#### WORK TO BE COMPLETED
Output the full listing word for word.

#### DATA FOR ANALYSIS
========================

(* The scheme $CD$ (described in the context) can be rewritten with the CG-like structure of the following scheme, called $CD$-red: Step 0: set $k=0$, $y_0\in\mathbb{R}^n$, $r_0:=b-Ay_0$. If $r_0=0$ stop; else set $p_0:=r_0$, $k=k+1$. Compute $a_0:=r_0^Tp_0/p_0^TAp_0$, $\gamma_0:=-a_0$, $y_1:=y_0+a_0p_0$, $r_1:=r_0-a_0Ap_0$. If $r_1=0$ stop; else set $\sigma_0:=\gamma_0\|Ap_0\|^2/p_0^TAp_0$, $\beta_0:=-(1+\sigma_0)$, $p_1:=r_1+\beta_0p_0$, $k=k+1$. Step $k$: compute $a_{k-1}:=r_{k-1}^Tp_{k-1}/p_{k-1}^TAp_{k-1}$, $y_k:=y_{k-1}+a_{k-1}p_{k-1}$, $r_k:=r_{k-1}-a_{k-1}Ap_{k-1}$. If $r_k=0$ stop; else compute $\gamma_{k-1}$ by the recursion below, set $\sigma_{k-1}:=\gamma_{k-1}\|Ap_{k-1}\|^2/p_{k-1}^TAp_{k-1}$, $\beta_{k-1}:=-(1+\sigma_{k-1})$, $p_k:=r_k+\beta_{k-1}p_{k-1}$, $k=k+1$, and repeat Step $k$, provided that the sequence $\{\gamma_k\}$ satisfies $\gamma_0:=-a_0$ and \[ \gamma_k := -\frac{\gamma_{k-1}^2\|Ap_{k-1}\|^2+\gamma_{k-1}\,p_{k-1}^TAp_{k-1}}{p_k^TAp_k},\qquad k\ge 1 . \] In particular, the positions $\gamma_i=-a_i$, $i\ge 0$, in $CD$ satisfy this recursion.
   Context: Consider the linear system $Ay=b$ with $A\in\mathbb{R}^{n\times n}$ symmetric positive definite and $b\in\mathbb{R}^n$. The $CD$ class is the following iteration, with parameters $\gamma_k\in\mathbb{R}\setminus\{0\}$ for all $k\ge0$. Step 0: set $k=0$, $y_0\in\mathbb{R}^n$, $r_0:=b-Ay_0$, $\gamma_0\neq0$. If $r_0=0$ stop; else set $p_0:=r_0$, $k=k+1$; compute $a_0:=r_0^Tp_0/p_0^TAp_0$, $y_1:=y_0+a_0p_0$, $r_1:=r_0-a_0Ap_0$. If $r_1=0$ stop; else set $\sigma_0:=\gamma_0\|Ap_0\|^2/p_0^TAp_0$, $p_1:=\gamma_0Ap_0-\sigma_0p_0$, $k=k+1$. Step $k$: compute $a_{k-1}:=r_{k-1}^Tp_{k-1}/p_{k-1}^TAp_{k-1}$, $y_k:=y_{k-1}+a_{k-1}p_{k-1}$, $r_k:=r_{k-1}-a_{k-1}Ap_{k-1}$. If $r_k=0$ stop; else set $\sigma_{k-1}:=\gamma_{k-1}\|Ap_{k-1}\|^2/p_{k-1}^TAp_{k-1}$, $\omega_{k-1}:=\frac{\gamma_{k-1}}{\gamma_{k-2}}\frac{p_{k-1}^TAp_{k-1}}{p_{k-2}^TAp_{k-2}}$, $p_k:=\gamma_{k-1}Ap_{k-1}-\sigma_{k-1}p_{k-1}-\omega_{k-1}p_{k-2}$, $k=k+1$, and repeat Step $k$. *)

theory Defs
  imports "HOL-Analysis.Analysis"
begin

text \<open>The CD iteration with parameter sequence g (= gamma), computed without the
stopping test (the theorem only speaks about indices before termination).
The state at index k is (y_k, r_k, p_k, p_{k-1}), with p_{-1} := 0 (never used).\<close>

fun cd_state :: "real^'n^'n \<Rightarrow> real^'n \<Rightarrow> real^'n \<Rightarrow> (nat \<Rightarrow> real) \<Rightarrow> nat
                 \<Rightarrow> (real^'n) \<times> (real^'n) \<times> (real^'n) \<times> (real^'n)" where
  "cd_state A b y0 g 0 = (y0, b - A *v y0, b - A *v y0, 0)"
| "cd_state A b y0 g (Suc k) = (case cd_state A b y0 g k of (y, r, p, q) \<Rightarrow>
     let a = (r \<bullet> p) / (p \<bullet> (A *v p));
         y' = y + a *\<^sub>R p;
         r' = r - a *\<^sub>R (A *v p);
         \<sigma> = g k * (norm (A *v p))^2 / (p \<bullet> (A *v p));
         p' = (if k = 0 then g k *\<^sub>R (A *v p) - \<sigma> *\<^sub>R p
               else g k *\<^sub>R (A *v p) - \<sigma> *\<^sub>R p
                    - ((g k / g (k - 1)) * ((p \<bullet> (A *v p)) / (q \<bullet> (A *v q)))) *\<^sub>R q)
     in (y', r', p', p))"

definition cd_y where "cd_y A b y0 g k = fst (cd_state A b y0 g k)"
definition cd_r where "cd_r A b y0 g k = fst (snd (cd_state A b y0 g k))"
definition cd_p where "cd_p A b y0 g k = fst (snd (snd (cd_state A b y0 g k)))"
definition cd_a where
  "cd_a A b y0 g k = (cd_r A b y0 g k \<bullet> cd_p A b y0 g k)
                     / (cd_p A b y0 g k \<bullet> (A *v cd_p A b y0 g k))"

fun red_state :: "real^'n^'n \<Rightarrow> real^'n \<Rightarrow> real^'n \<Rightarrow> nat
                 \<Rightarrow> (real^'n) \<times> (real^'n) \<times> (real^'n) \<times> real" where
  "red_state A b y0 0 = (let r = b - A *v y0; p = r; a = (r \<bullet> p) / (p \<bullet> (A *v p))
                         in (y0, r, p, - a))"
| "red_state A b y0 (Suc k) = (case red_state A b y0 k of (y, r, p, g) \<Rightarrow>
     let a = (r \<bullet> p) / (p \<bullet> (A *v p));
         y' = y + a *\<^sub>R p;
         r' = r - a *\<^sub>R (A *v p);
         \<sigma> = g * (norm (A *v p))^2 / (p \<bullet> (A *v p));
         \<beta> = - (1 + \<sigma>);
         p' = r' + \<beta> *\<^sub>R p;
         g' = - (g^2 * (norm (A *v p))^2 + g * (p \<bullet> (A *v p))) / (p' \<bullet> (A *v p'))
     in (y', r', p', g'))"

definition red_y where "red_y A b y0 k = fst (red_state A b y0 k)"
definition red_r where "red_r A b y0 k = fst (snd (red_state A b y0 k))"
definition red_p where "red_p A b y0 k = fst (snd (snd (red_state A b y0 k)))"
definition red_g where "red_g A b y0 k = snd (snd (snd (red_state A b y0 k)))"

definition gamma_rec :: "real^'n^'n \<Rightarrow> real^'n \<Rightarrow> real^'n \<Rightarrow> (nat \<Rightarrow> real) \<Rightarrow> nat \<Rightarrow> bool" where
  "gamma_rec A b y0 g m \<longleftrightarrow> (\<forall>k. 1 \<le> k \<and> k < m \<longrightarrow>
     g k = - (g (k - 1) ^ 2 * (norm (A *v cd_p A b y0 g (k - 1)))^2
              + g (k - 1) * (cd_p A b y0 g (k - 1) \<bullet> (A *v cd_p A b y0 g (k - 1))))
           / (cd_p A b y0 g k \<bullet> (A *v cd_p A b y0 g k)))"

end

theory Submission
  imports Defs
begin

========================

#### YOUR SOLUTION
(* The scheme $CD$ (described in the context) can be rewritten with the CG-like structure of the following scheme, called $CD$-red: Step 0: set $k=0$, $y_0\in\mathbb{R}^n$, $r_0:=b-Ay_0$. If $r_0=0$ stop; else set $p_0:=r_0$, $k=k+1$. Compute $a_0:=r_0^Tp_0/p_0^TAp_0$, $\gamma_0:=-a_0$, $y_1:=y_0+a_0p_0$, $r_1:=r_0-a_0Ap_0$. If $r_1=0$ stop; else set $\sigma_0:=\gamma_0\|Ap_0\|^2/p_0^TAp_0$, $\beta_0:=-(1+\sigma_0)$, $p_1:=r_1+\beta_0p_0$, $k=k+1$. Step $k$: compute $a_{k-1}:=r_{k-1}^Tp_{k-1}/p_{k-1}^TAp_{k-1}$, $y_k:=y_{k-1}+a_{k-1}p_{k-1}$, $r_k:=r_{k-1}-a_{k-1}Ap_{k-1}$. If $r_k=0$ stop; else compute $\gamma_{k-1}$ by the recursion below, set $\sigma_{k-1}:=\gamma_{k-1}\|Ap_{k-1}\|^2/p_{k-1}^TAp_{k-1}$, $\beta_{k-1}:=-(1+\sigma_{k-1})$, $p_k:=r_k+\beta_{k-1}p_{k-1}$, $k=k+1$, and repeat Step $k$, provided that the sequence $\{\gamma_k\}$ satisfies $\gamma_0:=-a_0$ and \[ \gamma_k := -\frac{\gamma_{k-1}^2\|Ap_{k-1}\|^2+\gamma_{k-1}\,p_{k-1}^TAp_{k-1}}{p_k^TAp_k},\qquad k\ge 1 . \] In particular, the positions $\gamma_i=-a_i$, $i\ge 0$, in $CD$ satisfy this recursion.
   Context: Consider the linear system $Ay=b$ with $A\in\mathbb{R}^{n\times n}$ symmetric positive definite and $b\in\mathbb{R}^n$. The $CD$ class is the following iteration, with parameters $\gamma_k\in\mathbb{R}\setminus\{0\}$ for all $k\ge0$. Step 0: set $k=0$, $y_0\in\mathbb{R}^n$, $r_0:=b-Ay_0$, $\gamma_0\neq0$. If $r_0=0$ stop; else set $p_0:=r_0$, $k=k+1$; compute $a_0:=r_0^Tp_0/p_0^TAp_0$, $y_1:=y_0+a_0p_0$, $r_1:=r_0-a_0Ap_0$. If $r_1=0$ stop; else set $\sigma_0:=\gamma_0\|Ap_0\|^2/p_0^TAp_0$, $p_1:=\gamma_0Ap_0-\sigma_0p_0$, $k=k+1$. Step $k$: compute $a_{k-1}:=r_{k-1}^Tp_{k-1}/p_{k-1}^TAp_{k-1}$, $y_k:=y_{k-1}+a_{k-1}p_{k-1}$, $r_k:=r_{k-1}-a_{k-1}Ap_{k-1}$. If $r_k=0$ stop; else set $\sigma_{k-1}:=\gamma_{k-1}\|Ap_{k-1}\|^2/p_{k-1}^TAp_{k-1}$, $\omega_{k-1}:=\frac{\gamma_{k-1}}{\gamma_{k-2}}\frac{p_{k-1}^TAp_{k-1}}{p_{k-2}^TAp_{k-2}}$, $p_k:=\gamma_{k-1}Ap_{k-1}-\sigma_{k-1}p_{k-1}-\omega_{k-1}p_{k-2}$, $k=k+1$, and repeat Step $k$. *)

theory Defs
  imports "HOL-Analysis.Analysis"
begin

text \<open>The CD iteration with parameter sequence g (= gamma), computed without the
stopping test (the theorem only speaks about indices before termination).
The state at index k is (y_k, r_k, p_k, p_{k-1}), with p_{-1} := 0 (never used).\<close>

fun cd_state :: "real^'n^'n \<Rightarrow> real^'n \<Rightarrow> real^'n \<Rightarrow> (nat \<Rightarrow> real) \<Rightarrow> nat
                 \<Rightarrow> (real^'n) \<times> (real^'n) \<times> (real^'n) \<times> (real^'n)" where
  "cd_state A b y0 g 0 = (y0, b - A *v y0, b - A *v y0, 0)"
| "cd_state A b y0 g (Suc k) = (case cd_state A b y0 g k of (y, r, p, q) \<Rightarrow>
     let a = (r \<bullet> p) / (p \<bullet> (A *v p));
         y' = y + a *\<^sub>R p;
         r' = r - a *\<^sub>R (A *v p);
         \<sigma> = g k * (norm (A *v p))^2 / (p \<bullet> (A *v p));
         p' = (if k = 0 then g k *\<^sub>R (A *v p) - \<sigma> *\<^sub>R p
               else g k *\<^sub>R (A *v p) - \<sigma> *\<^sub>R p
                    - ((g k / g (k - 1)) * ((p \<bullet> (A *v p)) / (q \<bullet> (A *v q)))) *\<^sub>R q)
     in (y', r', p', p))"

definition cd_y where "cd_y A b y0 g k = fst (cd_state A b y0 g k)"
definition cd_r where "cd_r A b y0 g k = fst (snd (cd_state A b y0 g k))"
definition cd_p where "cd_p A b y0 g k = fst (snd (snd (cd_state A b y0 g k)))"
definition cd_a where
  "cd_a A b y0 g k = (cd_r A b y0 g k \<bullet> cd_p A b y0 g k)
                     / (cd_p A b y0 g k \<bullet> (A *v cd_p A b y0 g k))"

fun red_state :: "real^'n^'n \<Rightarrow> real^'n \<Rightarrow> real^'n \<Rightarrow> nat
                 \<Rightarrow> (real^'n) \<times> (real^'n) \<times> (real^'n) \<times> real" where
  "red_state A b y0 0 = (let r = b - A *v y0; p = r; a = (r \<bullet> p) / (p \<bullet> (A *v p))
                         in (y0, r, p, - a))"
| "red_state A b y0 (Suc k) = (case red_state A b y0 k of (y, r, p, g) \<Rightarrow>
     let a = (r \<bullet> p) / (p \<bullet> (A *v p));
         y' = y + a *\<^sub>R p;
         r' = r - a *\<^sub>R (A *v p);
         \<sigma> = g * (norm (A *v p))^2 / (p \<bullet> (A *v p));
         \<beta> = - (1 + \<sigma>);
         p' = r' + \<beta> *\<^sub>R p;
         g' = - (g^2 * (norm (A *v p))^2 + g * (p \<bullet> (A *v p))) / (p' \<bullet> (A *v p'))
     in (y', r', p', g'))"

definition red_y where "red_y A b y0 k = fst (red_state A b y0 k)"
definition red_r where "red_r A b y0 k = fst (snd (red_state A b y0 k))"
definition red_p where "red_p A b y0 k = fst (snd (snd (red_state A b y0 k)))"
definition red_g where "red_g A b y0 k = snd (snd (snd (red_state A b y0 k)))"

definition gamma_rec :: "real^'n^'n \<Rightarrow> real^'n \<Rightarrow> real^'n \<Rightarrow> (nat \<Rightarrow> real) \<Rightarrow> nat \<Rightarrow> bool" where
  "gamma_rec A b y0 g m \<longleftrightarrow> (\<forall>k. 1 \<le> k \<and> k < m \<longrightarrow>
     g k = - (g (k - 1) ^ 2 * (norm (A *v cd_p A b y0 g (k - 1)))^2
              + g (k - 1) * (cd_p A b y0 g (k - 1) \<bullet> (A *v cd_p A b y0 g (k - 1))))
           / (cd_p A b y0 g k \<bullet> (A *v cd_p A b y0 g k)))"

end

theory Submission
  imports Defs
begin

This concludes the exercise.